Saturday, March 31, 2012

"How are you feeling?"


If I had a nickel for every time someone asked me this question...

Most of the time when I get asked this question, my answer is a reflex smile and "I'm fine and how are you?" even when it's the furthest thing from the truth. Sometimes someone will catch me off guard when I'm feeling really crappy. That happened last Thursday. I was sitting at my desk at the end of my work day trying very hard to get some work done in spite of screaming joint pain in my hips, an aching back and overwhelming fatigue. A colleague had quietly come through the front door and over to my office without warning.

"Laura, are you ok?" I could have started started to cry at that point, but caught myself. I did have to fess up that I was not doing so well at the moment. The concern in her voice was just too much.

I have taken more sick time than usual lately and most of my co-workers know what is up with me. I have never made a big secret of the fact that I have lupus. Honestly, when it comes to most aspects of my life, I am an open book. Otherwise, why would I blog, right? I probably over-share; in general, I talk too much. I know this about myself, but I have a heck of a hard time censoring myself and just shutting up.

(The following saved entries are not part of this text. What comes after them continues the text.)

section \<open>The candidate constraint Phi3\<close>

definition Phi3_grad :: "real^3^3 \<Rightarrow> (real \<times> (real^3) \<Rightarrow> real) \<Rightarrow> (3 \<Rightarrow> real \<times> (real^3) \<Rightarrow> real)
    \<Rightarrow> real \<Rightarrow> (real^3 \<Rightarrow> real) \<Rightarrow> fstate"
  where "Phi3_grad \<theta> J0 J t g =
    \<lparr>fA0 = (\<lambda>z. - (\<Sum>l\<in>UNIV. \<Sum>i\<in>UNIV. \<theta> $ l $ i * sp l (\<lambda>z. g z * sp i (\<lambda>z. J0 (t, z)) z) z)),
     fA = (\<lambda>k z. (\<Sum>l\<in>UNIV. \<Sum>i\<in>UNIV. \<theta> $ l $ i * sp l (\<lambda>z. sp i g z * J k (t, z)) z)
                + (1/2) * (\<Sum>i\<in>UNIV. \<theta> $ i $ k * sp i g z) * divJ J0 J (t, z)),
     fP0 = (\<lambda>z. 0),
     fP = (\<lambda>i z. 0)\<rparr>"

lemma sum_Sigma_mult_sym:
  assumes "\<And>l k. H l k = H k l"
  shows "(\<Sum>l\<in>UNIV. \<Sum>k\<in>UNIV. Sigma \<theta> J t l k y * H l k)
    = (\<Sum>l\<in>UNIV. \<Sum>k\<in>UNIV. (\<Sum>i\<in>UNIV. \<theta> $ l $ i * sp i (\<lambda>z. J k (t, z)) y) * H l k)"
proof -
  have "Sigma \<theta> J t l k y = ((\<Sum>i\<in>UNIV. \<theta> $ l $ i * sp i (\<lambda>z. J k (t, z)) y)
      + (\<Sum>i\<in>UNIV. \<theta> $ k $ i * sp i (\<lambda>z. J l (t, z)) y)) / 2" for l k
    by (simp add: Sigma_def sum.distrib)
  then show ?thesis by (simp only:) (rule sum_symmetrize, rule assms)
qed

definition pure_gauge :: "(real^3 \<Rightarrow> real) \<Rightarrow> fstate" where
  "pure_gauge f = \<lparr>fA0 = (\<lambda>z. 0), fA = (\<lambda>i. sp i f), fP0 = (\<lambda>z. 0), fP = (\<lambda>i z. 0)\<rparr>"

lemma test_state_pure_gauge: "test_fn f \<Longrightarrow> test_state (pure_gauge f)"
  by (simp add: test_state_def pure_gauge_def test_fn_sp)

context
  fixes \<theta> :: "real^3^3" and J0 :: "real \<times> (real^3) \<Rightarrow> real" and J :: "3 \<Rightarrow> real \<times> (real^3) \<Rightarrow> real"
    and t :: real
  assumes J0_smooth: "smooth_fn J0" and J_smooth: "\<And>k. smooth_fn (J k)"
begin

declare smooth_fn_slice[OF J0_smooth, simp] smooth_fn_slice[OF J_smooth, simp]

lemma smooth_fn_divJ_slice [simp]: "smooth_fn (\<lambda>z. divJ J0 J (t, z))"
proof -
  have "smooth_fn (dd b J0)" "smooth_fn (dd b (J i))" if "b \<in> Basis" for b i
    using that J0_smooth J_smooth by (auto intro: smooth_fn_dd)
  then have "smooth_fn (divJ J0 J)"
    unfolding divJ_def[abs_def] by (intro smooth_fn_add smooth_fn_sum) (auto simp: Basis_prod_def)
  then show ?thesis by (rule smooth_fn_slice)
qed

lemma Phi3_shift_state:
  assumes "smooth_state s" "smooth_state d"
  shows "Phi3 \<theta> J0 J t (shift_state s e d) x = Phi3 \<theta> J0 J t s x + e * (Phi3 \<theta> J0 J t d x + divJ J0 J (t, x))"
  using assms
  by (simp add: Phi3_def shift_state_def smooth_state_def calculus_simps sum.distrib sum_distrib_left
      algebra_simps)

So, here is the thing. I have a wonderful husband and 3 fantastic daughters. I have terrific friends and work with very caring people. Now when any of them ask me how I am feeling, I feel obligated to answer as honestly as possible. This requires quite a bit of reflection on my part, but unfortunately seems to be causing my loved ones some concern.  It's gratifying to know how much they care, but worrying them makes me feel guilty. This puts more pressure on me to feel better, so I can feel good about saying, "I'm fine!" and be telling the truth.

It's 5 days past my 2nd infusion. Today I am nauseated, woozy and my lupus symptoms are present and active.

C'mon, Benlysta, do your stuff! I want to feel better and I don't want to worry my loved ones anymore.